PROBLEM DETAILS:
Please find every line in the records below that contains the word "intro", and copy it.

--- LISTED RECORDS ---

(* There exists an absolute constant $C_1$ such that the following holds. Let $\mu=\sum_{\ell=1}^k\alpha_\ell\mu_\ell$ with each $\mu_\ell$ a $c$-isoperimetric probability measure on $\mathbb R^d$, $\alpha_\ell\ge0$, $\sum_\ell\alpha_\ell=1$. Generate data as follows: $\ell_1,\dots,\ell_n\in[k]$ i.i.d. with $\mathbb P(\ell_i=\ell)=\alpha_\ell$; given $\ell_i$, $x_i\sim\mu_{\ell_i}$; and $y_i\in[-1,1]$ is drawn from a fixed conditional law of $y$ given $x=x_i$ (independently over $i$), so that $(x_i,y_i)_{i\in[n]}$ are i.i.d. with covariate law $\mu$. Let $g(x)=\mathbb E[y\mid x]$, $z_i=y_i-g(x_i)$, $\sigma^2=\mathbb E^\mu[\mathrm{Var}(y\mid x)]>0$. Let $L,\epsilon>0$ and let $\mathcal F$ be a finite class of $L$-Lipschitz functions $\mathbb R^d\to[-1,1]$. If $d\ge C_1\frac{cL^2\sigma^2}{\epsilon^2}$, then \[ \mathbb P\Big(\exists f\in\mathcal F:\ \tfrac1n\sum_{i=1}^n\big(f(x_i)-\mathbb E^{\mu_{\ell_i}}[f]\big)z_i\ge\tfrac{\epsilon}{8}\Big)\le\exp\Big(-\frac{n\sigma^4}{8}\Big)+\exp\Big(\log|\mathcal F|-\frac{\epsilon^2nd}{C_1cL^2\sigma^2}\Big). \]
   Context: A probability measure $\nu$ on $\mathbb R^d$ satisfies $c$-isoperimetry if for every bounded $L$-Lipschitz (w.r.t. the Euclidean norm) $f:\mathbb R^d\to\mathbb R$ and every $t\ge0$, $\mathbb P_{x\sim\nu}[|f(x)-\mathbb E_\nu f|\ge t]\le 2e^{-dt^2/(2cL^2)}$. $\mathbb E^{\mu_{\ell}}[f]=\int f\,d\mu_\ell$. *)

theory Defs
  imports "HOL-Probability.Probability"
begin

text \<open>R^d is modelled as extensional functions on the index set {..<d},
  carrying the product Borel sigma-algebra.\<close>
definition RdM :: "nat \<Rightarrow> (nat \<Rightarrow> real) measure" where
  "RdM d = PiM {..<d} (\<lambda>_. borel)"

definition eucl_dist :: "nat \<Rightarrow> (nat \<Rightarrow> real) \<Rightarrow> (nat \<Rightarrow> real) \<Rightarrow> real" where
  "eucl_dist d x y = sqrt (\<Sum>i<d. (x i - y i)^2)"

definition lipschitz_Rd :: "nat \<Rightarrow> real \<Rightarrow> ((nat \<Rightarrow> real) \<Rightarrow> real) \<Rightarrow> bool" where
  "lipschitz_Rd d L f \<longleftrightarrow>
     (\<forall>x\<in>space (RdM d). \<forall>y\<in>space (RdM d). \<bar>f x - f y\<bar> \<le> L * eucl_dist d x y)"

definition isoperimetric :: "nat \<Rightarrow> real \<Rightarrow> (nat \<Rightarrow> real) measure \<Rightarrow> bool" where
  "isoperimetric d c \<nu> \<longleftrightarrow> prob_space \<nu> \<and> sets \<nu> = sets (RdM d) \<and>
     (\<forall>f L t. L > 0 \<longrightarrow> lipschitz_Rd d L f \<longrightarrow> bounded (f ` space (RdM d)) \<longrightarrow> t \<ge> 0 \<longrightarrow>
        measure \<nu> {x \<in> space \<nu>. \<bar>f x - integral\<^sup>L \<nu> f\<bar> \<ge> t}
          \<le> 2 * exp (- real d * t^2 / (2 * c * L^2)))"

definition label_law :: "nat \<Rightarrow> (nat \<Rightarrow> real) \<Rightarrow> nat measure" where
  "label_law k \<alpha> = density (count_space {..<k}) (\<lambda>l. ennreal (\<alpha> l))"

definition joint_law :: "nat \<Rightarrow> nat \<Rightarrow> (nat \<Rightarrow> real) \<Rightarrow> (nat \<Rightarrow> (nat \<Rightarrow> real) measure)
    \<Rightarrow> ((nat \<Rightarrow> real) \<Rightarrow> real measure) \<Rightarrow> (nat \<times> (nat \<Rightarrow> real) \<times> real) measure" where
  "joint_law d k \<alpha> \<mu> K =
     bind (label_law k \<alpha>) (\<lambda>l. bind (\<mu> l) (\<lambda>x.
       distr (K x) (count_space {..<k} \<Otimes>\<^sub>M RdM d \<Otimes>\<^sub>M borel) (\<lambda>y. (l, x, y))))"

definition sample_law :: "nat \<Rightarrow> nat \<Rightarrow> (nat \<Rightarrow> real) \<Rightarrow> (nat \<Rightarrow> (nat \<Rightarrow> real) measure)
    \<Rightarrow> ((nat \<Rightarrow> real) \<Rightarrow> real measure) \<Rightarrow> nat \<Rightarrow> (nat \<Rightarrow> nat \<times> (nat \<Rightarrow> real) \<times> real) measure" where
  "sample_law d k \<alpha> \<mu> K n = PiM {..<n} (\<lambda>_. joint_law d k \<alpha> \<mu> K)"

definition cond_mean :: "((nat \<Rightarrow> real) \<Rightarrow> real measure) \<Rightarrow> (nat \<Rightarrow> real) \<Rightarrow> real" where
  "cond_mean K x = (\<integral>y. y \<partial>K x)"

definition cond_var :: "((nat \<Rightarrow> real) \<Rightarrow> real measure) \<Rightarrow> (nat \<Rightarrow> real) \<Rightarrow> real" where
  "cond_var K x = (\<integral>y. (y - cond_mean K x)^2 \<partial>K x)"

text \<open>sigma^2 = E^mu [Var(y|x)] with mu = sum_l alpha_l mu_l.\<close>
definition noise_var :: "nat \<Rightarrow> (nat \<Rightarrow> real) \<Rightarrow> (nat \<Rightarrow> (nat \<Rightarrow> real) measure)
    \<Rightarrow> ((nat \<Rightarrow> real) \<Rightarrow> real measure) \<Rightarrow> real" where
  "noise_var k \<alpha> \<mu> K = (\<Sum>l<k. \<alpha> l * (\<integral>x. cond_var K x \<partial>\<mu> l))"

end

(*
  Write z_i = y_i - g(x_i) for the noise and a_i(f) = f(x_i) - E^{mu_{l_i}}[f] for the centred
  feature. By Cauchy-Schwarz, an average correlation (1/n) sum a_i(f) z_i >= eps/8 forces either
  sum z_i^2 >= 2 n sigma^2, which by Hoeffding has probability at most exp(-n sigma^4/8), or
  sum a_i(f)^2 >= n eps^2/(128 sigma^2). Isoperimetry makes a_i(f)^2 sub-exponential at scale
  c L^2/d: E exp(d a_i(f)^2/(4 c L^2)) <= 6. A Chernoff bound for the i.i.d. sum then gives the
  second event probability at most 6^n exp(-n d eps^2/(512 c L^2 sigma^2)), which is at most
  exp(-n d eps^2/(4096 c L^2 sigma^2)) once d >= 4096 c L^2 sigma^2/eps^2, and a union bound over
  F yields the theorem with C_1 = 4096.
*)
theory Submission
  imports Defs
begin

lemma space_RdM: "space (RdM d) = PiE {..<d} (\<lambda>_. UNIV)"
  by (simp add: RdM_def space_PiM)

lemma lipschitz_Rd_restrict_continuous:
  assumes lip: "lipschitz_Rd d L f"
  shows "continuous_on UNIV (\<lambda>x. f (restrict x {..<d}))"
proof (rule continuous_on_sequentiallyI)
  fix u :: "nat \<Rightarrow> nat \<Rightarrow> real" and a assume "u \<longlonglongrightarrow> a"
  then have "(\<lambda>n. u n i) \<longlonglongrightarrow> a i" for i
    by (intro isCont_tendsto_compose[of a "\<lambda>x. x i"])
       (auto intro: continuous_on_interior[OF continuous_on_product_coordinates])
  then have "(\<lambda>n. L * sqrt (\<Sum>i<d. (u n i - a i)^2)) \<longlonglongrightarrow> L * sqrt (\<Sum>i<d. (a i - a i)^2)"
    by (intro tendsto_intros)
  then have lim0: "(\<lambda>n. L * sqrt (\<Sum>i<d. (u n i - a i)^2)) \<longlonglongrightarrow> 0" by simp
  have bound: "norm (f (restrict (u n) {..<d}) - f (restrict a {..<d}))
      \<le> L * sqrt (\<Sum>i<d. (u n i - a i)^2)" for n
  proof -
    have "\<bar>f (restrict (u n) {..<d}) - f (restrict a {..<d})\<bar>
        \<le> L * eucl_dist d (restrict (u n) {..<d}) (restrict a {..<d})"
      using lip unfolding lipschitz_Rd_def by (simp add: space_RdM)
    also have "eucl_dist d (restrict (u n) {..<d}) (restrict a {..<d}) = sqrt (\<Sum>i<d. (u n i - a i)^2)"
      unfolding eucl_dist_def by (intro arg_cong[where f=sqrt] sum.cong) auto
    finally show ?thesis by (simp only: real_norm_def)
  qed
  show "(\<lambda>n. f (restrict (u n) {..<d})) \<longlonglongrightarrow> f (restrict a {..<d})"
    by (rule LIM_zero_cancel, rule Lim_null_comparison[OF _ lim0]) (use bound in auto)
qed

---

FINISHED TASK:
    by (intro isCont_tendsto_compose[of a "\<lambda>x. x i"])
       (auto intro: continuous_on_interior[OF continuous_on_product_coordinates])
    by (intro tendsto_intros)
      unfolding eucl_dist_def by (intro arg_cong[where f=sqrt] sum.cong) auto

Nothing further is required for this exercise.